Your task:
Look through the records below for the line with "B t = excess". Return that line and each one after it up to and including the line with "D_def intro: sum.union_disjoint)", exactly.
____________
lemma cycle_indep_exchange:
  fixes x :: "nat \<Rightarrow> 'a::comm_monoid_add"
  assumes A: "cycle_indep n A" and B: "cycle_indep n B"
    and card: "card B = card A + 2" "card A + card B < n"
  obtains C D where "cycle_indep n C" "cycle_indep n D"
    "card C = card A + 1" "card D = card A + 1" "sum x C + sum x D = sum x A + sum x B"
proof -
  obtain s t where st: "s < t" "t \<le> n" "free_cut n A B s" "free_cut n A B t"
    "excess A B t = excess A B s + 1"
    using free_cuts_with_unit_gain[OF A B card] by blast
  define I where "I = {s<..t}"
  have "finite A" "finite B" using A B by (simp_all add: cycle_indep_finite)
  have "card (B \<inter> I) = card (A \<inter> I) + 1"
    using st(5) excess_add_interval[of s t A B] sum_balance[of I A B] st(1) by (simp add: I_def)
  define C where "C = (A - I) \<union> (B \<inter> I)"
  define D where "D = (B - I) \<union> (A \<inter> I)"
  have "cycle_indep n C" "cycle_indep n D"
    using st cycle_indep_swap_arc[OF A B] cycle_indep_swap_arc[OF B A] free_cut_swap
    by (auto simp: C_def D_def I_def)
  moreover have "card C = card (A - I) + card (B \<inter> I)" "card D = card (B - I) + card (A \<inter> I)"
    using \<open>finite A\<close> \<open>finite B\<close> by (auto simp: C_def D_def intro: card_Un_disjoint)
  moreover have "card A = card (A \<inter> I) + card (A - I)" "card B = card (B \<inter> I) + card (B - I)"
    using \<open>finite A\<close> \<open>finite B\<close> by (simp_all add: card_Int_Diff)
  moreover have "sum x C = sum x (A - I) + sum x (B \<inter> I)" "sum x D = sum x (B - I) + sum x (A \<inter> I)"
    using \<open>finite A\<close> \<open>finite B\<close> by (auto simp: C_def D_def intro: sum.union_disjoint)
  moreover have "sum x A = sum x (A \<inter> I) + sum x (A - I)" "sum x B = sum x (B \<inter> I) + sum x (B - I)"
    using \<open>finite A\<close> \<open>finite B\<close> by (simp_all add: sum.Int_Diff)
  ultimately show ?thesis
    using that[of C D] \<open>card (B \<inter> I) = card (A \<inter> I) + 1\<close> card(1) by (simp add: ac_simps)
qed

theorem mainTheorem5:
  fixes N :: nat and x :: "nat \<Rightarrow> real" and k :: nat
  assumes "N \<ge> 2"
    and "\<forall>i\<in>{1..2*N}. x i > 0"
    and "k \<le> N - 2"
  shows "H N x k + H N x (k + 2) \<ge> 2 * H N x (k + 1)"
proof -
  have "k + 2 \<le> N" using assms(1,3) by simp
  obtain A where A: "cycle_indep (2 * N) A" "card A = k" "H N x k = sum x A"
    using H_attained \<open>k + 2 \<le> N\<close> by (metis add_leD1)
  obtain B where B: "cycle_indep (2 * N) B" "card B = k + 2" "H N x (k + 2) = sum x B"
    using H_attained \<open>k + 2 \<le> N\<close> by metis
  obtain C D where "cycle_indep (2 * N) C" "cycle_indep (2 * N) D"
    "card C = k + 1" "card D = k + 1" "sum x C + sum x D = sum x A + sum x B"
    using cycle_indep_exchange[OF A(1) B(1)] A(2) B(2) \<open>k + 2 \<le> N\<close> by auto
  then have "H N x (k + 1) \<le> sum x C" "H N x (k + 1) \<le> sum x D"
    by (simp_all add: H_le_sum)
  with A(3) B(3) \<open>sum x C + sum x D = sum x A + sum x B\<close> show ?thesis by linarith
qed

end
____________
Answer to this task:
    "excess A B t = excess A B s + 1"
    using free_cuts_with_unit_gain[OF A B card] by blast
  define I where "I = {s<..t}"
  have "finite A" "finite B" using A B by (simp_all add: cycle_indep_finite)
  have "card (B \<inter> I) = card (A \<inter> I) + 1"
    using st(5) excess_add_interval[of s t A B] sum_balance[of I A B] st(1) by (simp add: I_def)
  define C where "C = (A - I) \<union> (B \<inter> I)"
  define D where "D = (B - I) \<union> (A \<inter> I)"
  have "cycle_indep n C" "cycle_indep n D"
    using st cycle_indep_swap_arc[OF A B] cycle_indep_swap_arc[OF B A] free_cut_swap
    by (auto simp: C_def D_def I_def)
  moreover have "card C = card (A - I) + card (B \<inter> I)" "card D = card (B - I) + card (A \<inter> I)"
    using \<open>finite A\<close> \<open>finite B\<close> by (auto simp: C_def D_def intro: card_Un_disjoint)
  moreover have "card A = card (A \<inter> I) + card (A - I)" "card B = card (B \<inter> I) + card (B - I)"
    using \<open>finite A\<close> \<open>finite B\<close> by (simp_all add: card_Int_Diff)
  moreover have "sum x C = sum x (A - I) + sum x (B \<inter> I)" "sum x D = sum x (B - I) + sum x (A \<inter> I)"
    using \<open>finite A\<close> \<open>finite B\<close> by (auto simp: C_def D_def intro: sum.union_disjoint)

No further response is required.